We have local feature branches, a github origin
branch and Heroku staging
and production
remote branches.
As local features become ready for review by a larger audience we'd like to push them to staging
:
$ git push staging local-branch-name:master
Fetching repository, done.
To [email protected]:app-staging.git
! [rejected] local-branch-name -> master (non-fast-forward)
error: failed to push some refs to '[email protected]:app-staging.git'
hint: Updates were rejected because a pushed branch tip is behind its remote
hint: counterpart. Check out this branch and integrate the remote changes
hint: (e.g. 'git pull ...') before pushing again.
hint: See the 'Note about fast-forwards' in 'git push --help' for details.
Part of me wants to --force
the issue but git push -f
to a remote is taboo. I could pull in the changes as the "hint" says but given that the branches we push into staging are often short lived and may have little to do with each other this seems like it would be unnecessary and confusing.
What is the proper procedure for sharing a staging server on Heroku?
You're essentially using git on your staging server as a deployment mechanism, not for version control. You already have your real remote on github, so I don't see the harm in force pushing to your staging server as long as you never pull changes from it.
Force pushing is typically a bad idea for two reasons.
You can lose commits. If you force push to a remote that is ahead of your branch, those commits ahead of yours will be lost.

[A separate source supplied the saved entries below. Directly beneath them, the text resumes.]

lemma real_card_vset_Diff:
  "S \<subseteq> vset N \<Longrightarrow> real (card (vset N - S)) = real N - real (card S)"
  using card_Diff_subset[of S "vset N"] card_mono[of "vset N" S] finite_subset[of S "vset N"]
  by (simp add: of_nat_diff)

lemma real_card_nbrs_complete_graph:
  "x \<in> vset N \<Longrightarrow> real (card (nbrs complete_graph N x)) = real N - 1"
proof -
  assume "x \<in> vset N"
  moreover have "nbrs complete_graph N x = vset N - {x}"
    by (auto simp: nbrs_def complete_graph_def)
  ultimately show ?thesis
    by (simp add: real_card_Diff_singleton del: card_Diff_insert)
qed

lemma real_card_nbrs_complete_minus_edge:
  assumes "u \<in> vset N" "v \<in> vset N" "u \<noteq> v" "x \<in> vset N"
  shows "real (card (nbrs (complete_minus_edge u v) N x))
           = (if x = u \<or> x = v then real N - 2 else real N - 1)"
proof -
  have "nbrs (complete_minus_edge u v) N x =
          vset N - {x} - (if x = u then {v} else if x = v then {u} else {})"
    using assms(3) by (auto simp: nbrs_def complete_minus_edge_def doubleton_eq_iff)
  then show ?thesis
    using assms by (simp add: real_card_Diff_singleton del: card_Diff_insert)
qed

lemma nbrs_edge_pair_ne_empty:
  assumes "N \<ge> 3" "u \<in> vset N" "v \<in> vset N" "u \<noteq> v" "x \<in> vset N"
  shows "nbrs complete_graph N x \<noteq> {} \<and> nbrs (complete_minus_edge u v) N x \<noteq> {}"
  using real_card_nbrs_complete_graph[OF assms(5)] real_card_nbrs_complete_minus_edge[OF assms(2-5)]
    assms(1) by (auto split: if_splits)

text \<open>Kept opaque: if the simplifier could rewrite \<open>A - {u, v}\<close> (e.g. to \<open>A\<close> when
  \<open>u, v \<notin> A\<close>), it would lose the facts \<open>y \<noteq> u\<close>, \<open>y \<noteq> v\<close> inside sums over this set.\<close>

definition off_edge :: "nat \<Rightarrow> nat \<Rightarrow> nat set \<Rightarrow> nat set" where
  "off_edge u v A = A - {u, v}"

lemma mem_off_edge [simp]: "y \<in> off_edge u v A \<longleftrightarrow> y \<in> A \<and> y \<noteq> u \<and> y \<noteq> v"
  by (auto simp: off_edge_def)

lemma real_card_off_edge:
  assumes "finite A" "u \<noteq> v"
  shows "real (card (off_edge u v A)) = real (card A) - (if u \<in> A then 1 else 0) - (if v \<in> A then 1 else 0)"
proof -
  have "real (card (A \<inter> {u, v})) = (if u \<in> A then 1 else 0) + (if v \<in> A then 1 else 0)"
    using assms(2) by (cases "u \<in> A"; cases "v \<in> A") (simp_all add: Int_insert_right)
  then show ?thesis
    using card_Int_Diff[OF assms(1), of "{u, v}"] by (simp add: off_edge_def)
qed

lemma sum_vset_off_edge:
  assumes "u \<in> vset N" "v \<in> vset N" "u \<noteq> v" "S \<subseteq> vset N"
  shows "sum f (vset N) = f u + f v + sum f (off_edge u v S) + sum f (off_edge u v (vset N - S))"
proof -
  let ?A = "off_edge u v S" and ?B = "off_edge u v (vset N - S)"
  have "vset N = insert u (insert v (?A \<union> ?B))"
    using assms by auto
  then have "sum f (vset N) = sum f (insert u (insert v (?A \<union> ?B)))"
    by (rule arg_cong)
  also have "\<dots> = f u + f v + sum f (?A \<union> ?B)"
    using assms finite_subset[OF assms(4)] by (simp add: off_edge_def add.assoc)
  also have "sum f (?A \<union> ?B) = sum f ?A + sum f ?B"
    using finite_subset[OF assms(4)] by (intro sum.union_disjoint) (auto simp: off_edge_def)
  finally show ?thesis
    by (simp only: add.assoc)
qed

text \<open>With \<open>a + b = |T|\<close> as in the statement, \<open>b(b - 1)/2\<close> is the indicator of \<open>b = 2\<close>
  (\<open>both_in\<close>) and \<open>b(3 - b)/2\<close> that of \<open>b \<ge> 1\<close> (\<open>any_in\<close>).\<close>

definition fixation_potential :: "(nat set \<Rightarrow> real) \<Rightarrow> nat \<Rightarrow> nat set \<Rightarrow> real" where
  "fixation_potential w N T = ((real N - 2) * real (card T) + w T) / (real N - 1) ^ 2"

definition both_in :: "nat \<Rightarrow> nat \<Rightarrow> nat set \<Rightarrow> real" where
  "both_in u v T = (if u \<in> T \<and> v \<in> T then 1 else 0)"

definition any_in :: "nat \<Rightarrow> nat \<Rightarrow> nat set \<Rightarrow> real" where
  "any_in u v T = (if u \<in> T \<or> v \<in> T then 1 else 0)"

lemma fixation_potential_bounds:
  assumes "N \<ge> 2" "T \<subseteq> vset N" "0 \<le> w T" "w T \<le> 1"
  shows "0 \<le> fixation_potential w N T \<and> fixation_potential w N T \<le> 1"
proof -
  have "real (card T) \<le> real N"
    using card_mono[OF finite_vset assms(2)] by simp
  then have "(real N - 2) * real (card T) \<le> (real N - 2) * real N"
    using assms(1) by (intro mult_left_mono) auto
  then have "(real N - 2) * real (card T) + w T \<le> (real N - 1) ^ 2"
    using assms(4) by (simp add: power2_eq_square algebra_simps)
  moreover have "0 \<le> (real N - 2) * real (card T) + w T"
    using assms(1,3) by simp
  ultimately show ?thesis
    unfolding fixation_potential_def using assms(1) by simp
qed

lemma fixation_potential_vset:
  assumes "N \<ge> 2" "w (vset N) = 1"
  shows "fixation_potential w N (vset N) = 1"
proof -
  have "(real N - 2) * real N + 1 = (real N - 1) ^ 2"
    by (simp add: power2_eq_square algebra_simps)
  moreover have "(real N - 1) ^ 2 \<noteq> 0"
    using assms(1) by simp
  ultimately show ?thesis
    unfolding fixation_potential_def using assms(2) by simp
qed

lemma fixation_potential_insert_ge:
  assumes "N \<ge> 3" "finite T" "y \<notin> T" "w T \<le> w (insert y T)"
  shows "1 / (real N - 1) ^ 2 \<le> fixation_potential w N (insert y T) - fixation_potential w N T"
proof -
  have "1 \<le> (real N - 2) + (w (insert y T) - w T)"
    using assms(1,4) by simp
  then show ?thesis
    unfolding fixation_potential_def diff_divide_distrib[symmetric] using assms(2,3)
    by (intro divide_right_mono) (auto simp: algebra_simps)
qed

lemma fixation_potential_variance_ge:
  assumes N: "N \<ge> 3" and complete: "GA = complete_graph \<or> GB = complete_graph"
    and mono: "\<And>T y. w T \<le> w (insert y T)" and T: "T \<in> transient_states N"
  shows "1 / (real N ^ 2 * (real N - 1) ^ 4)
           \<le> moran_expect GA GB N (\<lambda>T'. (fixation_potential w N T' - fixation_potential w N T) ^ 2) T"
proof -
  let ?\<phi> = "fixation_potential w N" and ?\<delta> = "1 / (real N - 1) ^ 2"
  let ?f = "\<lambda>T'. (?\<phi> T' - ?\<phi> T) ^ 2"
  have TV: "T \<subseteq> vset N" and finT: "finite T"
    using T finite_subset[of T "vset N"] by (auto simp: transient_states_def)
  obtain x y where x: "x \<in> T" and y: "y \<in> vset N" "y \<notin> T"
    using T by (auto simp: transient_states_def)
  have xV: "x \<in> vset N" using x TV by blast
  have f: "T' \<subseteq> vset N \<Longrightarrow> 0 \<le> ?f T'" for T' by simp
  have "\<exists>p\<in>vset N. \<exists>q\<in>nbrs (moran_graph GA GB T p) N p. ?\<delta> \<le> \<bar>?\<phi> (moran_succ T p q) - ?\<phi> T\<bar>"
    using complete
  proof
    assume "GA = complete_graph"
    then have "y \<in> nbrs (moran_graph GA GB T x) N x"
      using x y by (auto simp: nbrs_def moran_graph_def complete_graph_def)
    moreover have "?\<delta> \<le> ?\<phi> (moran_succ T x y) - ?\<phi> T"
      using fixation_potential_insert_ge[OF N finT y(2) mono[of T y]] x by (simp add: moran_succ_def)
    ultimately show ?thesis
      using xV by force
  next
    assume "GB = complete_graph"
    then have "x \<in> nbrs (moran_graph GA GB T y) N y"
      using xV y x by (auto simp: nbrs_def moran_graph_def complete_graph_def)
    moreover have "?\<delta> \<le> ?\<phi> T - ?\<phi> (moran_succ T y x)"
      using fixation_potential_insert_ge[OF N _ _ mono[of "T - {x}" x]] finT x y
      by (simp add: moran_succ_def insert_absorb)
    ultimately show ?thesis
      using y by force
  qed
  then obtain p q where p: "p \<in> vset N" and q: "q \<in> nbrs (moran_graph GA GB T p) N p"
    and gap: "?\<delta> \<le> \<bar>?\<phi> (moran_succ T p q) - ?\<phi> T\<bar>"
    by blast
  have "?\<delta> ^ 2 \<le> ?f (moran_succ T p q)"
    using power_mono[OF gap, of 2] by simp
  moreover have "1 / (real N ^ 2 * (real N - 1) ^ 4) = ?\<delta> ^ 2 / real N ^ 2"
    by (simp add: power_divide flip: power_mult)
  ultimately have "1 / (real N ^ 2 * (real N - 1) ^ 4) \<le> ?f (moran_succ T p q) / real N ^ 2"
    by (simp add: divide_right_mono)
  also have "\<dots> \<le> moran_expect GA GB N ?f T"
    by (rule moran_expect_ge_transition[OF TV f p q])
  finally show ?thesis .
qed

You can mangle other developers' repositories. If you force push to a remote branch that another developer has already pulled, their branch will be out of sync with the remote and it could be difficult to recover.
However, in this case you are only pushing to the repository. You will never lose commits because the upstream will never be ahead of any particular branch. Also, it is never pulled by other developers. For those reasons, it is ok to force push in this case.